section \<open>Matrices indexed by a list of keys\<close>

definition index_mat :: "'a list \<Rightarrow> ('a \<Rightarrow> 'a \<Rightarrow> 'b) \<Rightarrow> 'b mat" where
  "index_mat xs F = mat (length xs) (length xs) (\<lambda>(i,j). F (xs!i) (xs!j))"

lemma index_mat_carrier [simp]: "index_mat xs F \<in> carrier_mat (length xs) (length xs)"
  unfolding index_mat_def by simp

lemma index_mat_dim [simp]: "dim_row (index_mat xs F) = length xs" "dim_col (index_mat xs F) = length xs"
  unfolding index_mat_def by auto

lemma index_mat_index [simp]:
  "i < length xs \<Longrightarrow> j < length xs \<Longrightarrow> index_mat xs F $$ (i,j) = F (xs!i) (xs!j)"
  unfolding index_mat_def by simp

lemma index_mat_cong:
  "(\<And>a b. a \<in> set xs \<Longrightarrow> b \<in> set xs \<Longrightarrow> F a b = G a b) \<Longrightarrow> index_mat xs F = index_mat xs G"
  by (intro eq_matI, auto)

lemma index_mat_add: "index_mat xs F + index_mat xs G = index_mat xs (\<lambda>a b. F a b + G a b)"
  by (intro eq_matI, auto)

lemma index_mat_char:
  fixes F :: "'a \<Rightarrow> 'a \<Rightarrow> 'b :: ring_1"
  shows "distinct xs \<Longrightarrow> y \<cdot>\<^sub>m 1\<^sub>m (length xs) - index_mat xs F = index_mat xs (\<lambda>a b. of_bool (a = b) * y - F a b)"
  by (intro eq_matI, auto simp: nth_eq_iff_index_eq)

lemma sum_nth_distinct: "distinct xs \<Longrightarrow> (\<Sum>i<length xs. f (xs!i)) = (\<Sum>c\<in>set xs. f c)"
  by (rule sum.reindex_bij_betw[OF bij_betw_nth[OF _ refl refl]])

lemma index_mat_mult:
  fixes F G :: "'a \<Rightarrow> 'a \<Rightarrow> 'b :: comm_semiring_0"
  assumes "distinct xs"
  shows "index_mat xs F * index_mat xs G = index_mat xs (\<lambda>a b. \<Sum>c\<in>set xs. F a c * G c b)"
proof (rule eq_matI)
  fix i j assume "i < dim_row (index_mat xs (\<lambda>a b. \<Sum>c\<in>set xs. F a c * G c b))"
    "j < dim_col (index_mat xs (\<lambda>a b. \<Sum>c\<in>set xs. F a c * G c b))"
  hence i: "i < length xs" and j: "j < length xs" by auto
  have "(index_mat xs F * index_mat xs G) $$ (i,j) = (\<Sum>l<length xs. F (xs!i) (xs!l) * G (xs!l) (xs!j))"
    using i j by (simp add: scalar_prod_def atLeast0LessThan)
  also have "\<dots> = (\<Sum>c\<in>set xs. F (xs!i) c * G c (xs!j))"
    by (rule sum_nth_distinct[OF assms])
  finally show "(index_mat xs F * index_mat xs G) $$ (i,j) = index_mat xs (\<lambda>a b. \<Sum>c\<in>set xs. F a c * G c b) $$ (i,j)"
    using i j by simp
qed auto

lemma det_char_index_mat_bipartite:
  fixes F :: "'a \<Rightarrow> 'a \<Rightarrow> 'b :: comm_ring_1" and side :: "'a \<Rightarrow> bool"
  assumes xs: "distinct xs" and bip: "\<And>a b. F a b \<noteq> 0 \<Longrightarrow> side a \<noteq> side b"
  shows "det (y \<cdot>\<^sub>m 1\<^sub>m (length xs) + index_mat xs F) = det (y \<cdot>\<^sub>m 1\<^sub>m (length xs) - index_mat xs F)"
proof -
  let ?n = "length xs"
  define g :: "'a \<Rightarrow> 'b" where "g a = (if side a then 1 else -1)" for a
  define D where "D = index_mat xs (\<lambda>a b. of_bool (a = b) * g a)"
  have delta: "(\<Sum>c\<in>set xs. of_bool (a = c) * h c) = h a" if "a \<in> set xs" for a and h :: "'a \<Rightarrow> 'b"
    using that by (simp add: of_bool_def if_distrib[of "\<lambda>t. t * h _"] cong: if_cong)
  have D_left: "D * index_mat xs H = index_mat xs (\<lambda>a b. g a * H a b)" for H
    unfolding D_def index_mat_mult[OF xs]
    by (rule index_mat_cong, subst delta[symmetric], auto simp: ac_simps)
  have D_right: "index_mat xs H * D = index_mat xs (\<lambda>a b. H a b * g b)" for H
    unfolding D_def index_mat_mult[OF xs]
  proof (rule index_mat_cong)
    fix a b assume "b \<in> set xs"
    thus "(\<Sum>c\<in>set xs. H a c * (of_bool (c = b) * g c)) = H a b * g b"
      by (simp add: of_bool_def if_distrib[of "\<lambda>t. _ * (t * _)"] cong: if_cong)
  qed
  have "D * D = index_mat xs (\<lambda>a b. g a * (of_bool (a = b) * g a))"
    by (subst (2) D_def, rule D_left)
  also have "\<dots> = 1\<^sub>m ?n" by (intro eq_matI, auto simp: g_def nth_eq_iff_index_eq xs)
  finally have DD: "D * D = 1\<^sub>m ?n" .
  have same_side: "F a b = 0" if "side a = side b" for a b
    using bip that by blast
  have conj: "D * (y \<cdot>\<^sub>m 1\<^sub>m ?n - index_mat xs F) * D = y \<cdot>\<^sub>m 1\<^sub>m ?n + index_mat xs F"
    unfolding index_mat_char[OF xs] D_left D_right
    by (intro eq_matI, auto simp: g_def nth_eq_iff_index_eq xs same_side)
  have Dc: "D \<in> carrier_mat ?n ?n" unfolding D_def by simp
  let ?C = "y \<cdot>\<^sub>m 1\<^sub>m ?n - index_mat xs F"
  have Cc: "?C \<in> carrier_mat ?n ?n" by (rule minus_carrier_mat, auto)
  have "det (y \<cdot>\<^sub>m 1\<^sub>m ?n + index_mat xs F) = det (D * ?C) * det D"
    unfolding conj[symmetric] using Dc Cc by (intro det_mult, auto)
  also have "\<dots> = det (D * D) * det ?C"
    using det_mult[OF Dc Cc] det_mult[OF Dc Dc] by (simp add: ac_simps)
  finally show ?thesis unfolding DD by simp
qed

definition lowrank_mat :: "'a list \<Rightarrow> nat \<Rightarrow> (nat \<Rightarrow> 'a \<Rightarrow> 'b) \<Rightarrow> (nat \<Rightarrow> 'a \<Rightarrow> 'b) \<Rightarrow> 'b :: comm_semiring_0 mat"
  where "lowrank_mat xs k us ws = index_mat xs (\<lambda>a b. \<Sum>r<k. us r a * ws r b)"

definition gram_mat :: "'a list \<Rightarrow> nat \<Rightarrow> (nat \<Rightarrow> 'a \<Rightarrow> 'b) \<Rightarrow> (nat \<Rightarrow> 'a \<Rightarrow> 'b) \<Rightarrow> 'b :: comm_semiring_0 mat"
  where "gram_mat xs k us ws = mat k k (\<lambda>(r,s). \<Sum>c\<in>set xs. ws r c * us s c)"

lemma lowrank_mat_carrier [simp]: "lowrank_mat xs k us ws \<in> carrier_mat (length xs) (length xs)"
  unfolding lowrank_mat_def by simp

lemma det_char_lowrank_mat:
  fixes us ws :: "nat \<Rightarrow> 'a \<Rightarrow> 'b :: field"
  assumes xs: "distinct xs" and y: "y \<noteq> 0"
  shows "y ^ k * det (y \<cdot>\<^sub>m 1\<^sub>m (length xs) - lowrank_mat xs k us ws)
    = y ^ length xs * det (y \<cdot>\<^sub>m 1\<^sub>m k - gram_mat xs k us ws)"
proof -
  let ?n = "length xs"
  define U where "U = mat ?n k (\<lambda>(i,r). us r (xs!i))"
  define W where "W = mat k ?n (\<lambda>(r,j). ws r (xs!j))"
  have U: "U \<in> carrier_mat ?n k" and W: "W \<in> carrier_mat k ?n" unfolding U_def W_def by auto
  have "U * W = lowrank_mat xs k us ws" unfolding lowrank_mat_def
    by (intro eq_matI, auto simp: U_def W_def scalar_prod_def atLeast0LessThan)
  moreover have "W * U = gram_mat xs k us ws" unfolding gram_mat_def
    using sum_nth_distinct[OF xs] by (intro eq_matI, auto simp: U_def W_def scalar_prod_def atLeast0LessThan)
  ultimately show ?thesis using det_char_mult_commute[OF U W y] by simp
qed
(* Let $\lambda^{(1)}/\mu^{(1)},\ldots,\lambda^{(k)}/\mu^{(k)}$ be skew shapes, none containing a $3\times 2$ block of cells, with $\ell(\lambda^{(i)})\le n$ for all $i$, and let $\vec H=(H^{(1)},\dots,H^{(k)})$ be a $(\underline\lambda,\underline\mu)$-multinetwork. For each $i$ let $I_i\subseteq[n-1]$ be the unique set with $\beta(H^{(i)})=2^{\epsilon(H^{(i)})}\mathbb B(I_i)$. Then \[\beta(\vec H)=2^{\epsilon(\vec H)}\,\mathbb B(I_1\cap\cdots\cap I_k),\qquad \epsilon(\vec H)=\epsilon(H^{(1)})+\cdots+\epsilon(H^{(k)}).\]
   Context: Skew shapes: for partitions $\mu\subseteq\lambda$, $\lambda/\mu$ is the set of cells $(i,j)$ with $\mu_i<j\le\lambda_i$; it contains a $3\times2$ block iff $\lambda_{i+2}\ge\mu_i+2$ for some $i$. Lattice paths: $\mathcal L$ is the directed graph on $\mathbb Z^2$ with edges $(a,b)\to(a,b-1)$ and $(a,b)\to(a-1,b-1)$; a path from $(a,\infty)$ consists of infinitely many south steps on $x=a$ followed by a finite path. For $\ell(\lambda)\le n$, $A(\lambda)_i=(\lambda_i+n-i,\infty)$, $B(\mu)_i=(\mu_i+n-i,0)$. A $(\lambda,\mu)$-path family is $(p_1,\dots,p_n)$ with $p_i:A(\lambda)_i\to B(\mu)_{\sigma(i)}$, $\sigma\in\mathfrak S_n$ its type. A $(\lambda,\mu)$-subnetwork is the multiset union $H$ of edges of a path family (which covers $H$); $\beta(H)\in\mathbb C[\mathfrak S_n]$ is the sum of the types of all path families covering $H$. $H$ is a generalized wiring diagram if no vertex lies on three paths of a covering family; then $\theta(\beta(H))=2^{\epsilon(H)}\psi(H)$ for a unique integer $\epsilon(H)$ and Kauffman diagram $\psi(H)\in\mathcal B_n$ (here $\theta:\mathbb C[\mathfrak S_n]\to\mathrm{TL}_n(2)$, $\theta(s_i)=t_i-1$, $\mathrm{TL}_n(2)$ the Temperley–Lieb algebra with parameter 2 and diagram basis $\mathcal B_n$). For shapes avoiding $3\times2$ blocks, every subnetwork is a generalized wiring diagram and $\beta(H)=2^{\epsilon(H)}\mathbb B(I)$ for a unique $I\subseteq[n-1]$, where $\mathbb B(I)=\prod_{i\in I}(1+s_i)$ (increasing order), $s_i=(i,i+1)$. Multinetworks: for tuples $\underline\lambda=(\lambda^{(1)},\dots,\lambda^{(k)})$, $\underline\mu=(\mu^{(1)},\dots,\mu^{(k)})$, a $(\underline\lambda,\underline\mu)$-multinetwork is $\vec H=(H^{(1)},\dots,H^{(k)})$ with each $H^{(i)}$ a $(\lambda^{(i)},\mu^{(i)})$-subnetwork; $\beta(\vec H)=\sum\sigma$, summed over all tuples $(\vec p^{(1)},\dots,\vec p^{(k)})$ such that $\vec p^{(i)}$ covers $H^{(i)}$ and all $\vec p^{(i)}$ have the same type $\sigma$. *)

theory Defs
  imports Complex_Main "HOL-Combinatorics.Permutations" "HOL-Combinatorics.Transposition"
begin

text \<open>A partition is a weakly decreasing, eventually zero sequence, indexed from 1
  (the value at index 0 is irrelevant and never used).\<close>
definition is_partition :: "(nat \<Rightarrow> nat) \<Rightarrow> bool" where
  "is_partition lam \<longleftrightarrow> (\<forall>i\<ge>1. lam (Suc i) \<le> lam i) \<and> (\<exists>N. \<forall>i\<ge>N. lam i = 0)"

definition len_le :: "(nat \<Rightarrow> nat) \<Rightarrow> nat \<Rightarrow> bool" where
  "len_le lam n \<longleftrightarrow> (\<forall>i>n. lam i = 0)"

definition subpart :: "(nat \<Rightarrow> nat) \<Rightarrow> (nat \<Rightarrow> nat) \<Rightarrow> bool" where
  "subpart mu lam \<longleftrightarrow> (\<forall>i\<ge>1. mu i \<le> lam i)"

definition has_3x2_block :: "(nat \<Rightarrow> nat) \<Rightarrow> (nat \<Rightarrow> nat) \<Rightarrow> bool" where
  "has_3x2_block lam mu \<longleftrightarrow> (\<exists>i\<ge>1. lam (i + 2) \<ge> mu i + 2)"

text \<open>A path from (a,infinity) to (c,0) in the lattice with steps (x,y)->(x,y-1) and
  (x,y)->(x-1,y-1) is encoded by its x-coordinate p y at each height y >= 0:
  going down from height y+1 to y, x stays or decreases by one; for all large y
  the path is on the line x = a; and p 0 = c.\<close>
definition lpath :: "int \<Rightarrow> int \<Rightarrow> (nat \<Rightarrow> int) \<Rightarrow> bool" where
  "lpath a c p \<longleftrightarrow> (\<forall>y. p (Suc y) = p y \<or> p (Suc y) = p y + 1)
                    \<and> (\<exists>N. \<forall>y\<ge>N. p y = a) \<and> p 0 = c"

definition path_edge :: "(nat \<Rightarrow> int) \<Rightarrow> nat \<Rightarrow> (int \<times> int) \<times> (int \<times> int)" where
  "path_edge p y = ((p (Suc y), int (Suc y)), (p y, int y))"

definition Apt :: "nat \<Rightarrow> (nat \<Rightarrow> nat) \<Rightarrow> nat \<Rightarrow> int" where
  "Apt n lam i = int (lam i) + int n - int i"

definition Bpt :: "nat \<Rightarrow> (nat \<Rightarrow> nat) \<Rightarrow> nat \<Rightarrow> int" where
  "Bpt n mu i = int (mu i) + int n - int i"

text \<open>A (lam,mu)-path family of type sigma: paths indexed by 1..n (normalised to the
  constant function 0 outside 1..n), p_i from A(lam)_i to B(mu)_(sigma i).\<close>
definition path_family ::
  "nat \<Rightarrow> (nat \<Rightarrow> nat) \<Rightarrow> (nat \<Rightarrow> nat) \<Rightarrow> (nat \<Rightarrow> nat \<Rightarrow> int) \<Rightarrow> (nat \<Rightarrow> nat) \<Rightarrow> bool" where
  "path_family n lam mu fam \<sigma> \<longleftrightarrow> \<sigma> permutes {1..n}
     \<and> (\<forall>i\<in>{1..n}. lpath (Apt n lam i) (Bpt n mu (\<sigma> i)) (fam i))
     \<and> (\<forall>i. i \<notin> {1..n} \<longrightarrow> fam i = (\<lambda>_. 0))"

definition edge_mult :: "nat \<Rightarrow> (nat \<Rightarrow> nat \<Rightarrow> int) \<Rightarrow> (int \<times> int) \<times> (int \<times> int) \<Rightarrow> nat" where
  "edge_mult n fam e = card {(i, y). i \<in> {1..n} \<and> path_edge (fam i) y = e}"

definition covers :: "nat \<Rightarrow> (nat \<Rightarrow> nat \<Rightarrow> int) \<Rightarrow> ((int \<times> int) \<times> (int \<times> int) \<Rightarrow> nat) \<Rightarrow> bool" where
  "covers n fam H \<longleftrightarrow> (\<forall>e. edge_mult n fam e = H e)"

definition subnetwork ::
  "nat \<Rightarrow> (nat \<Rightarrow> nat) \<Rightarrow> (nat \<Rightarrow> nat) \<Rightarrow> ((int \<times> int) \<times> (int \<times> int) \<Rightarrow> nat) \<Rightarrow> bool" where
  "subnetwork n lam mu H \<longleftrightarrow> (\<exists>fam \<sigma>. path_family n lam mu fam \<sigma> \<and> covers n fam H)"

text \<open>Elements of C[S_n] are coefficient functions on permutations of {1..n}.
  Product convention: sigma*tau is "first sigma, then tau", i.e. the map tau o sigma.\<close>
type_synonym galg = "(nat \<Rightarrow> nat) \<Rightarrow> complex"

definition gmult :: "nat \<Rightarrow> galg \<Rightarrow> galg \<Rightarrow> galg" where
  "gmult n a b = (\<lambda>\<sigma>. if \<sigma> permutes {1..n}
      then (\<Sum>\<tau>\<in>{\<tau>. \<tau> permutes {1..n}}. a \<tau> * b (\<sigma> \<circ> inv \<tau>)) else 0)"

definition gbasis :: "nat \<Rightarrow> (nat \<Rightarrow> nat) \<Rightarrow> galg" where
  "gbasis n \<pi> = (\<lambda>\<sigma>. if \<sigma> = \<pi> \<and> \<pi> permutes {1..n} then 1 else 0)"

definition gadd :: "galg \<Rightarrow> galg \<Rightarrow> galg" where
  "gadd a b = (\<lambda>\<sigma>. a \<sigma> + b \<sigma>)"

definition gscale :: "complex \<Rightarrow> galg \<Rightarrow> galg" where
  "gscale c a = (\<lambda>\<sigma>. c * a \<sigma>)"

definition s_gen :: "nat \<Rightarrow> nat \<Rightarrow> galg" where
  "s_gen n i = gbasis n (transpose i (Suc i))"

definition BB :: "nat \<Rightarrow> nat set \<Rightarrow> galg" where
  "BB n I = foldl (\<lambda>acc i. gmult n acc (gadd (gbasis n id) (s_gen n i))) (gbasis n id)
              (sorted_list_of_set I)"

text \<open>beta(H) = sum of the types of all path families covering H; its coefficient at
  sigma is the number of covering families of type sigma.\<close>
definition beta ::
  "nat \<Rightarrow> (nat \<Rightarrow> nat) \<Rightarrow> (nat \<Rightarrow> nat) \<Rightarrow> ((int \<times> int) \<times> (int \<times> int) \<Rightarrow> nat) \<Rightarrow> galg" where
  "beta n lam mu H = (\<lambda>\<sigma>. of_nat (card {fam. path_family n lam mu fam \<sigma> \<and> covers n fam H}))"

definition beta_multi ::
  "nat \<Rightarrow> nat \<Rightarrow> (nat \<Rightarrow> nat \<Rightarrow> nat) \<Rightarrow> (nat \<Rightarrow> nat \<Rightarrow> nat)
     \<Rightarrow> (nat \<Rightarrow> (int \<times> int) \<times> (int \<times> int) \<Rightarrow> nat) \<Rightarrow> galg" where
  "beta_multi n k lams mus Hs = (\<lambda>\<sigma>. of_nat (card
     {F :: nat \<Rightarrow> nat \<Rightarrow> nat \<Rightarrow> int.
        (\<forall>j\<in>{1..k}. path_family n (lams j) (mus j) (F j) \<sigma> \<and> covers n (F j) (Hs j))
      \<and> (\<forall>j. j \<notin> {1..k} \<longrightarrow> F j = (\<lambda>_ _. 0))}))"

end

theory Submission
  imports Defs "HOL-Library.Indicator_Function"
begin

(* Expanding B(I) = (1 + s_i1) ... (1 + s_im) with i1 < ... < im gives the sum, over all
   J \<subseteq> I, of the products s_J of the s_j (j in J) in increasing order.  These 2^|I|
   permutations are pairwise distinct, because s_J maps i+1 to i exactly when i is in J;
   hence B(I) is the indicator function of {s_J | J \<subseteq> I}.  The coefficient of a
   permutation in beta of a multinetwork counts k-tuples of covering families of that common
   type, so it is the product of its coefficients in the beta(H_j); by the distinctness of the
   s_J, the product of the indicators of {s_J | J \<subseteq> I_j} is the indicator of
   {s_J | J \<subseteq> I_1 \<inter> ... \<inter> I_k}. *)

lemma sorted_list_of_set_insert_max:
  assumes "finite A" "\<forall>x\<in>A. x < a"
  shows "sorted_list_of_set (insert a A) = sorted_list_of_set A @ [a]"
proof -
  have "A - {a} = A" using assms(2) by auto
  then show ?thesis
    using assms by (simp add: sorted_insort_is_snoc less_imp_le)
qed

EXERCISE BRIEF:
Only the lines from the opening of the material through the line with "(length xs) (\<lambda>(i,j)." should be echoed, exactly as written.

SOLUTION TO THIS TASK:
section \<open>Matrices indexed by a list of keys\<close>

definition index_mat :: "'a list \<Rightarrow> ('a \<Rightarrow> 'a \<Rightarrow> 'b) \<Rightarrow> 'b mat" where
  "index_mat xs F = mat (length xs) (length xs) (\<lambda>(i,j). F (xs!i) (xs!j))"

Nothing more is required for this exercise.